Charles M. Ray appeals the postconviction court's order summarily denying his combined Florida Rule of Criminal Procedure 3.850 successive motion for postconviction relief and Florida Rule of Criminal Procedure 3.800(a) motion to correct illegal sentence. We affirm the order without further discussion, except for one issue. For the following reasons, we agree with Ray that the probation aspect of his sentence is illegal; and we therefore reverse that portion of the order.
Following trial, Ray was convicted, as charged, of a second-degree felony for aggravated battery with a firearm.1 The jury made a separate finding in its verdict that, during the commission of this offense, Ray did actually possess and discharge a firearm that resulted in great bodily harm being inflicted upon the victim. As a result, the trial court sentenced Ray under Florida's 10-20-Life statute to serve a mandatory minimum of twenty-five-years' imprisonment.2 The court also ordered that Ray's prison sentence be followed by five years of probation. Ray's direct appeal of the judgment was affirmed without opinion. Ray v. State, 85 So. 3d 501 (Fla. 5th DCA 2012).
In that part of his present motion seeking to correct an illegal sentence, Ray conceded that under Mendenhall v. State, 48 So. 3d 740, 743 (Fla. 2010), the trial court had the authority to impose the twenty-five-year mandatory minimum prison sentence, despite the sentence otherwise exceeding the statutory maximum penalty of fifteen years for his second-degree felony conviction.3 Ray challenges the part of his sentence that imposed the subsequent five years of probation, contending that it is illegal and should be stricken.

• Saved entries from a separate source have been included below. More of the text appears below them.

lemma eventually_cofactors_sign_definite:
  fixes B :: "'b \<Rightarrow> real mat"
  assumes M: "M \<in> carrier_mat n n" and B: "\<And>t. B t \<in> carrier_mat n n"
    and lim: "\<And>i j. i < n \<Longrightarrow> j < n \<Longrightarrow> ((\<lambda>t. B t $$ (i,j)) \<longlongrightarrow> M $$ (i,j)) F"
    and c: "\<And>i j. i < n \<Longrightarrow> j < n \<Longrightarrow> 0 < c * cofactor (char_matrix M lam) i j"
    and trace: "(\<Sum>i<n. cofactor (char_matrix M lam) i i) \<noteq> 0"
  shows "\<forall>\<^sub>F p in F \<times>\<^sub>F nhds lam.
    (\<forall>i<n. \<forall>j<n. 0 < c * cofactor (char_matrix (B (fst p)) (snd p)) i j) \<and>
    (\<Sum>i<n. cofactor (char_matrix (B (fst p)) (snd p)) i i) \<noteq> 0"
proof -
  let ?N = "\<lambda>p. char_matrix (B (fst p)) (snd p)" and ?G = "F \<times>\<^sub>F nhds lam"
  have N: "?N p \<in> carrier_mat n n" for p using B by simp
  have N0: "char_matrix M lam \<in> carrier_mat n n" using M by simp
  have lim_N: "((\<lambda>p. ?N p $$ (i,j)) \<longlongrightarrow> char_matrix M lam $$ (i,j)) ?G" if "i < n" "j < n" for i j
  proof -
    have "filterlim fst F ?G" "((\<lambda>p. snd p) \<longlongrightarrow> lam) ?G"
      by (simp_all add: filterlim_def filtermap_fst_prod_filter filtermap_snd_prod_filter)
    moreover have "dim_row (B t) = n" for t using B[of t] by auto
    ultimately show ?thesis
      using that M by (auto simp: char_matrix_def intro!: tendsto_intros filterlim_compose[OF lim])
  qed
  have lim_cof: "((\<lambda>p. cofactor (?N p) i j) \<longlongrightarrow> cofactor (char_matrix M lam) i j) ?G"
    if "i < n" "j < n" for i j
    by (rule tendsto_cofactor[OF N N0 lim_N that])
  have "\<forall>\<^sub>F p in ?G. \<forall>i\<in>{..<n}. \<forall>j\<in>{..<n}. 0 < c * cofactor (?N p) i j"
  proof (intro eventually_ball_finite ballI finite_lessThan)
    fix i j assume ij: "i \<in> {..<n}" "j \<in> {..<n}"
    with lim_cof have "((\<lambda>p. c * cofactor (?N p) i j) \<longlongrightarrow> c * cofactor (char_matrix M lam) i j) ?G"
      by (intro tendsto_mult_left) auto
    then show "\<forall>\<^sub>F p in ?G. 0 < c * cofactor (?N p) i j"
      by (rule order_tendstoD(1)) (use c ij in auto)
  qed
  moreover have "((\<lambda>p. \<Sum>i<n. cofactor (?N p) i i) \<longlongrightarrow> (\<Sum>i<n. cofactor (char_matrix M lam) i i)) ?G"
    using lim_cof by (intro tendsto_sum) auto
  then have "\<forall>\<^sub>F p in ?G. (\<Sum>i<n. cofactor (?N p) i i) \<noteq> 0"
    using trace by (rule tendsto_imp_eventually_ne)
  ultimately show ?thesis by eventually_elim auto
qed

In denying Ray's motion, the postconviction court held that under the 10-20-Life statute, since the trial court could have imposed a maximum sentence of up to life in prison, the five years of probation following Ray's twenty-five-year mandatory minimum prison term, resulting in an aggregate penalty of thirty years, was necessarily legal.
This analysis, however, was rejected by this court in Wooden v. State, 42 So. 3d 837, 837 (Fla. 5th DCA 2010), approved in Hatten v. State, 203 So. 3d 142 (Fla. 2016). In Wooden, the defendant was convicted of a first-degree felony. Id. The trial court imposed a fifty-year prison sentence and, based on the jury's separate findings that the defendant possessed and discharged a firearm during the commission of the crime resulting in great bodily harm to the victim, included a twenty-five-year mandatory minimum term under the 10-20-Life statute. Id. The defendant moved for relief under rule 3.800(a), contending that any portion of his sentence exceeding the thirty-year statutory cap for a first-degree felony 4 was illegal. Id. The postconviction court denied the motion, which the defendant appealed. Id.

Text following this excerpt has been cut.